┌─ Data for the task
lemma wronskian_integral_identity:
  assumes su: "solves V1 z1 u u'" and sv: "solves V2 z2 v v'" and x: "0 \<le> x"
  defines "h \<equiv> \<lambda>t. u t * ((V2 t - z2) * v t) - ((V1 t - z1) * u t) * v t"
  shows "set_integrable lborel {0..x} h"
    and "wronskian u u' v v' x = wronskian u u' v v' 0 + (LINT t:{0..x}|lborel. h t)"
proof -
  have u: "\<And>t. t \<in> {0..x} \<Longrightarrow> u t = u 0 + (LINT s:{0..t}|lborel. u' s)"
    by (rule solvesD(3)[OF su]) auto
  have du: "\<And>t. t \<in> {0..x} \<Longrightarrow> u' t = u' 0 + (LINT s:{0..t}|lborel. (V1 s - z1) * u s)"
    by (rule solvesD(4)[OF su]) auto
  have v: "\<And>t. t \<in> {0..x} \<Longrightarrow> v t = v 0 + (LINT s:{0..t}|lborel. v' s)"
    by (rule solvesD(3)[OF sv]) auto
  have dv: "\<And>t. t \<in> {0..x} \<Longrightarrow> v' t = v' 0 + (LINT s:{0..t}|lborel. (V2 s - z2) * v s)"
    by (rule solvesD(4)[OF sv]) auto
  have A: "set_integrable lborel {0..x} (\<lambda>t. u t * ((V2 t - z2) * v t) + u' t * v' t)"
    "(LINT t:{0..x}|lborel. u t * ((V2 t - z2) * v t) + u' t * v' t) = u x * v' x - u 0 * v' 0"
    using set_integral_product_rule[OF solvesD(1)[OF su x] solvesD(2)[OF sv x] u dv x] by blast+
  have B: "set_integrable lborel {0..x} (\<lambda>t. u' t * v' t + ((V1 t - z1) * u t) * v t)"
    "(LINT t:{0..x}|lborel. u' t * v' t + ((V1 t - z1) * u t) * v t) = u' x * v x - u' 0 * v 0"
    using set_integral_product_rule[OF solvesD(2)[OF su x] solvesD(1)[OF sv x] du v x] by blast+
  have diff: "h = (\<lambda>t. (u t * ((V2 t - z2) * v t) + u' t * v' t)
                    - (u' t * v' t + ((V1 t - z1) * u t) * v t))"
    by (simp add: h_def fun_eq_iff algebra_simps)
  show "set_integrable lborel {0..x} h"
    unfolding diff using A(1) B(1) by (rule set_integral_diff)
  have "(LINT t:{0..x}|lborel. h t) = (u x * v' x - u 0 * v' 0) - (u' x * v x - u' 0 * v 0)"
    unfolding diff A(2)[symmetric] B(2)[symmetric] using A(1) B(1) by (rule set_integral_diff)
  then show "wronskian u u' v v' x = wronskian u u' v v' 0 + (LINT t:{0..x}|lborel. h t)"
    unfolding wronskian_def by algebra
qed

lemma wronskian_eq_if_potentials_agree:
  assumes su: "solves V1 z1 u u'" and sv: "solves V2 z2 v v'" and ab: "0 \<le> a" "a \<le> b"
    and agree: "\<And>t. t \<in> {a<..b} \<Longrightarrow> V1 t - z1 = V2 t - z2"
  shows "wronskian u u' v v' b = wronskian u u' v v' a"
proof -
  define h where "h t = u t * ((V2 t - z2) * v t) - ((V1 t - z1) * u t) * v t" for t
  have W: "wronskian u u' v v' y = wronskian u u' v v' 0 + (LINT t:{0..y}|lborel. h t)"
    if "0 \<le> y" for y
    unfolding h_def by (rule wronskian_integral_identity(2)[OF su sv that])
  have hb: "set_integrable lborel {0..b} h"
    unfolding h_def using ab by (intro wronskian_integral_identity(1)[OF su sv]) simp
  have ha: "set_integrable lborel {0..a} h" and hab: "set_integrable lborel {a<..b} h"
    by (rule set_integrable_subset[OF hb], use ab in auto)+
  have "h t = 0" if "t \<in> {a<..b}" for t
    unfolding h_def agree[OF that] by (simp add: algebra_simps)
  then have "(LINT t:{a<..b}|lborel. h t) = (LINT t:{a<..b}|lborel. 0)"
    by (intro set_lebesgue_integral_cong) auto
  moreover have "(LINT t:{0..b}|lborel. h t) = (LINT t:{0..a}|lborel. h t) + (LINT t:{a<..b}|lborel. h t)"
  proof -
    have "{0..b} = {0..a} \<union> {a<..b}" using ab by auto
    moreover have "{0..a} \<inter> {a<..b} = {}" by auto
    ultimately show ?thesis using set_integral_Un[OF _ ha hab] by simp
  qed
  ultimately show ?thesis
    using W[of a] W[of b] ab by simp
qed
└─
**What you will do:** Search the entries for the word "auto" and copy every line that has it.

**Final answer:**
    by (rule solvesD(3)[OF su]) auto
    by (rule solvesD(4)[OF su]) auto
    by (rule solvesD(3)[OF sv]) auto
    by (rule solvesD(4)[OF sv]) auto
    by (rule set_integrable_subset[OF hb], use ab in auto)+
    by (intro set_lebesgue_integral_cong) auto
    have "{0..b} = {0..a} \<union> {a<..b}" using ab by auto
    moreover have "{0..a} \<inter> {a<..b} = {}" by auto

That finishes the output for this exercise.